> GIVEN ENTRIES
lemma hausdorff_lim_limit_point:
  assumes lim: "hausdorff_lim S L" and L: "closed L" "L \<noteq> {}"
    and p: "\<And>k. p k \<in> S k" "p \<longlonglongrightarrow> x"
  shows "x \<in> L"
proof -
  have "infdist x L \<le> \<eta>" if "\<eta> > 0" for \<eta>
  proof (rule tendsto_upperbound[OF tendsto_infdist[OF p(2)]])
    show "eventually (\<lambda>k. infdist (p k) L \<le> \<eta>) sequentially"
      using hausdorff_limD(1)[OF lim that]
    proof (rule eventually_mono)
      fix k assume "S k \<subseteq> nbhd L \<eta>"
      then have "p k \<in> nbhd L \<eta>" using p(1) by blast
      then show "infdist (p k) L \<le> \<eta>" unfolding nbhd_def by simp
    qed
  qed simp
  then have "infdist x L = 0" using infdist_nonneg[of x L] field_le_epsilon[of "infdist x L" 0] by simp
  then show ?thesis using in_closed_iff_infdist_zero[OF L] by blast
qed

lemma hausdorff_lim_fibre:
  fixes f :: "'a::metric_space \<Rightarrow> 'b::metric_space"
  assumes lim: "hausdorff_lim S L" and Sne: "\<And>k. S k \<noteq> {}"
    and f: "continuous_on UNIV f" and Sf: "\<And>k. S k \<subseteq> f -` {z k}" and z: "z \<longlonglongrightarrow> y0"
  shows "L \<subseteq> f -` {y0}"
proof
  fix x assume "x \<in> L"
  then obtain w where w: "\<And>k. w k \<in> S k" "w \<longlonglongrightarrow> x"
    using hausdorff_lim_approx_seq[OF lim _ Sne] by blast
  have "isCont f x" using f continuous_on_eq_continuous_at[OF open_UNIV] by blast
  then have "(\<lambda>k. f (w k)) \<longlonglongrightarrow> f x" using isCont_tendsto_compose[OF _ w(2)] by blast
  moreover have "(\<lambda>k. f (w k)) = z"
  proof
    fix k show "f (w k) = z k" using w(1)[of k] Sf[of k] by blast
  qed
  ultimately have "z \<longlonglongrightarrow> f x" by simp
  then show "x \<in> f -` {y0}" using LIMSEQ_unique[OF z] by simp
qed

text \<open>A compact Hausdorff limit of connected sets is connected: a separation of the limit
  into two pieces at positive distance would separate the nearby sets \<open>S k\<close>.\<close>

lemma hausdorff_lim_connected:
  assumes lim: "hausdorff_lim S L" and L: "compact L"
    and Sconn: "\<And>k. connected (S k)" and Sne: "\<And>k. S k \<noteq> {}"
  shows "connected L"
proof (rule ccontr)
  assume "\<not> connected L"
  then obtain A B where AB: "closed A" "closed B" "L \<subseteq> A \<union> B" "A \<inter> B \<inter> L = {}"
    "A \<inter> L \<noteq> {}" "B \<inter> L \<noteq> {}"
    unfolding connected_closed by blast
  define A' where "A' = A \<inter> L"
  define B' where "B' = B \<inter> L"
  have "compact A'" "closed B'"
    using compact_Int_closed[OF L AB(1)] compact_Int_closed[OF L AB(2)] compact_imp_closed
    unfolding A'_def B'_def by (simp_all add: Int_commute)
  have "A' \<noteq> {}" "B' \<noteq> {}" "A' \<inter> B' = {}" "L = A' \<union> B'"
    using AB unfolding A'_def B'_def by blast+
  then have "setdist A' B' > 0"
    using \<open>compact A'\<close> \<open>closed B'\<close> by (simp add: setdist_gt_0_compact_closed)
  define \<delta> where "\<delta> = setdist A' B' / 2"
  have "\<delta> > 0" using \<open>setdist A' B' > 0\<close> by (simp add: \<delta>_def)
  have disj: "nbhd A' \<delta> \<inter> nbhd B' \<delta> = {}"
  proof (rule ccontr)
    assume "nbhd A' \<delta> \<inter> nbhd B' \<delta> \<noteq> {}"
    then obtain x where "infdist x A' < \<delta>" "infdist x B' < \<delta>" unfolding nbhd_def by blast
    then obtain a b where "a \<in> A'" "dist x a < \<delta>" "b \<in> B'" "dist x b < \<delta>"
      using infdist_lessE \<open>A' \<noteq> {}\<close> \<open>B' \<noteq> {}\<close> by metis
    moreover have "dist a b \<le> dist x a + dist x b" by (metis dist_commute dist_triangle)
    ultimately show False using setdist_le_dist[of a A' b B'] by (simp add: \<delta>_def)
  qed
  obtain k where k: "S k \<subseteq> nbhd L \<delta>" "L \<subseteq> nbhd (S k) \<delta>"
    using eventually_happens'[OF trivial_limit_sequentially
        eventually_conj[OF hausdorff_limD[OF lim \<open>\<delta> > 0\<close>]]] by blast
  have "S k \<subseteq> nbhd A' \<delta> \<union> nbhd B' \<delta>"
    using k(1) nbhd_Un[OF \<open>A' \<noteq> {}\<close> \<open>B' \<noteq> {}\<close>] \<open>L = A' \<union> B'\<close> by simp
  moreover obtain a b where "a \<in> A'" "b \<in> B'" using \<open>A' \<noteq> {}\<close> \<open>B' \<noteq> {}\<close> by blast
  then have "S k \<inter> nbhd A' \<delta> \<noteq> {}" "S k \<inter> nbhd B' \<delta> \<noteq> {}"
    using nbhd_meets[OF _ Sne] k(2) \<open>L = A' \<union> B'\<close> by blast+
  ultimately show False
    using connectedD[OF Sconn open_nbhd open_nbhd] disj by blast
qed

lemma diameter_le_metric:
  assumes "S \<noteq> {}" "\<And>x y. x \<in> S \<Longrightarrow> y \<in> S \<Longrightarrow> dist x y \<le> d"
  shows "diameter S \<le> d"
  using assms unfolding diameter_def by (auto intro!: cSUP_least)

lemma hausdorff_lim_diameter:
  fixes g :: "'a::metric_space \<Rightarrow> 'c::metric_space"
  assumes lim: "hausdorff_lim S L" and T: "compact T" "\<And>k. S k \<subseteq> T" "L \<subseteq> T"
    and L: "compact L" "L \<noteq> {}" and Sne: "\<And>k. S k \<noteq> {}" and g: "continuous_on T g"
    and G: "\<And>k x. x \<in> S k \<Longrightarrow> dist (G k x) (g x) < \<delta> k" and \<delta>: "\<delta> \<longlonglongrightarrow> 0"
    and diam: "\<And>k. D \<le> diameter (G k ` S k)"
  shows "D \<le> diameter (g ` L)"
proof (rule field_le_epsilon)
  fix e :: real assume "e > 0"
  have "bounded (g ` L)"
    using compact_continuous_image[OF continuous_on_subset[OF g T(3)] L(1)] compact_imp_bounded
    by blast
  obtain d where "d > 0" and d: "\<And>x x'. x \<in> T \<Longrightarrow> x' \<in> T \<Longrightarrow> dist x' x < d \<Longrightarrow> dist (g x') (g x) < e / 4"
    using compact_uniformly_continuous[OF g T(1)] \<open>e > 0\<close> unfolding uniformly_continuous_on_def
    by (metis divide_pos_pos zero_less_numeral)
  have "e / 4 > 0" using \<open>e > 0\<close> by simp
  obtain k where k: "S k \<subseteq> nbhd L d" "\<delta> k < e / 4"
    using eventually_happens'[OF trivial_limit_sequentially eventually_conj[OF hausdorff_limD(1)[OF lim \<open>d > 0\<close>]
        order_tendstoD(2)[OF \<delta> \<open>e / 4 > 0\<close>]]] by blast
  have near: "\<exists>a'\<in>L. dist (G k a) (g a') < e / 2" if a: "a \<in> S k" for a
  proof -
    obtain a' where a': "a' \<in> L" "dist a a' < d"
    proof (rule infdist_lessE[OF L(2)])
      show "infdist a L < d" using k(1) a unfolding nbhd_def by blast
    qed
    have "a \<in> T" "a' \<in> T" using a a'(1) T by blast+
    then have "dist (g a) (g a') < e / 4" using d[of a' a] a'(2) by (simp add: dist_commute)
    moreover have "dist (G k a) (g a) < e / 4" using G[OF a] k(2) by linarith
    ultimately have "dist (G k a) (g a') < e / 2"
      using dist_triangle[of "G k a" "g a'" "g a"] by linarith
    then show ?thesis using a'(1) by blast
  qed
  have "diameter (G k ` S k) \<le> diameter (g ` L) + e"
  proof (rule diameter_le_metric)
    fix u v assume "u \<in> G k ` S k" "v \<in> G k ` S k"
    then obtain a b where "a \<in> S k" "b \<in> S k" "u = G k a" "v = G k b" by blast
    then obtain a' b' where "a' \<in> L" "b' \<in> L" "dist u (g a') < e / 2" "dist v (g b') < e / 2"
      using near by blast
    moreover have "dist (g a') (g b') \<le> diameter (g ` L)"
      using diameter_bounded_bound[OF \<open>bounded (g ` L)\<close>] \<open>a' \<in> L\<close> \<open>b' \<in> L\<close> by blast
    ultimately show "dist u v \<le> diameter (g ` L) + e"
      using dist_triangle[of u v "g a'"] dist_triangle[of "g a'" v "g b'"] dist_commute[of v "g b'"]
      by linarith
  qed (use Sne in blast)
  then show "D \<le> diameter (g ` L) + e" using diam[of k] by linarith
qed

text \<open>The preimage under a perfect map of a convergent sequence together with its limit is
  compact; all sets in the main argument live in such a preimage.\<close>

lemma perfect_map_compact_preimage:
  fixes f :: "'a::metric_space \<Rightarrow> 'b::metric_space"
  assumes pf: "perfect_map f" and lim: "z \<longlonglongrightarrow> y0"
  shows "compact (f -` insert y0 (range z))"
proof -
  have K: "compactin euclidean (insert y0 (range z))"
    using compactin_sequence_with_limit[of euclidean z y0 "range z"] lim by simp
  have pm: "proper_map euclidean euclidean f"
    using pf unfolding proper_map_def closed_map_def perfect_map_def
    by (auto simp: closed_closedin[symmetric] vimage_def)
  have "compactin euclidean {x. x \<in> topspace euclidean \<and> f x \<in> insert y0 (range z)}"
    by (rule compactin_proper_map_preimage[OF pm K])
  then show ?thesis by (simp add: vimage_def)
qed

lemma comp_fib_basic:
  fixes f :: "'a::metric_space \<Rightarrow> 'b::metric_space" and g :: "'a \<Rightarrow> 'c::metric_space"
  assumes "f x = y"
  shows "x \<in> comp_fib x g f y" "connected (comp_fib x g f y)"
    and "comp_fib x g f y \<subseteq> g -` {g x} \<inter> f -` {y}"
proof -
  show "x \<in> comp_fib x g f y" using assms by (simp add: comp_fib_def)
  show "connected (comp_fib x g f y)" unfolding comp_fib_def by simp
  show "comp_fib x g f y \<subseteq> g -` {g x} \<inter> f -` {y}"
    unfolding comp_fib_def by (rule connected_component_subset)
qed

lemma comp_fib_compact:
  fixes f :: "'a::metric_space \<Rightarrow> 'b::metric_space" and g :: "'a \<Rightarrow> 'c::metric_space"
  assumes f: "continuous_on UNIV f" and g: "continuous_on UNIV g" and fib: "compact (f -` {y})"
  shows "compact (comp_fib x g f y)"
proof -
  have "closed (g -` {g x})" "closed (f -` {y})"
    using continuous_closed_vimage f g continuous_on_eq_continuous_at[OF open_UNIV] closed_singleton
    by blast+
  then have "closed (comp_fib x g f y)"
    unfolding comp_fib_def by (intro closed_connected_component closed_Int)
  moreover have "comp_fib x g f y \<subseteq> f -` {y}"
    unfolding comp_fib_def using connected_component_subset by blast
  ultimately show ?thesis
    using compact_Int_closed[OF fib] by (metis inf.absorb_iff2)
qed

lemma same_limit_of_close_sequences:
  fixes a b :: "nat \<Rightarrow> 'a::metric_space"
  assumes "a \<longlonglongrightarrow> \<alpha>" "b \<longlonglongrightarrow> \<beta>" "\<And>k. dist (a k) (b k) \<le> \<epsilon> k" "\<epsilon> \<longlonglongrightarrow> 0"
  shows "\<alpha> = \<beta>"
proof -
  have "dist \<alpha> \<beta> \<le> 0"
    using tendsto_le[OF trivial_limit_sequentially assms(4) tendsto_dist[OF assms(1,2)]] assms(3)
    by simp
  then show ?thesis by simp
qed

> WHAT IS EXPECTED
Scan the material above. Return every line containing the string "insert".

> ANSWER FOR THIS EXERCISE
  shows "compact (f -` insert y0 (range z))"
  have K: "compactin euclidean (insert y0 (range z))"
  have "compactin euclidean {x. x \<in> topspace euclidean \<and> f x \<in> insert y0 (range z)}"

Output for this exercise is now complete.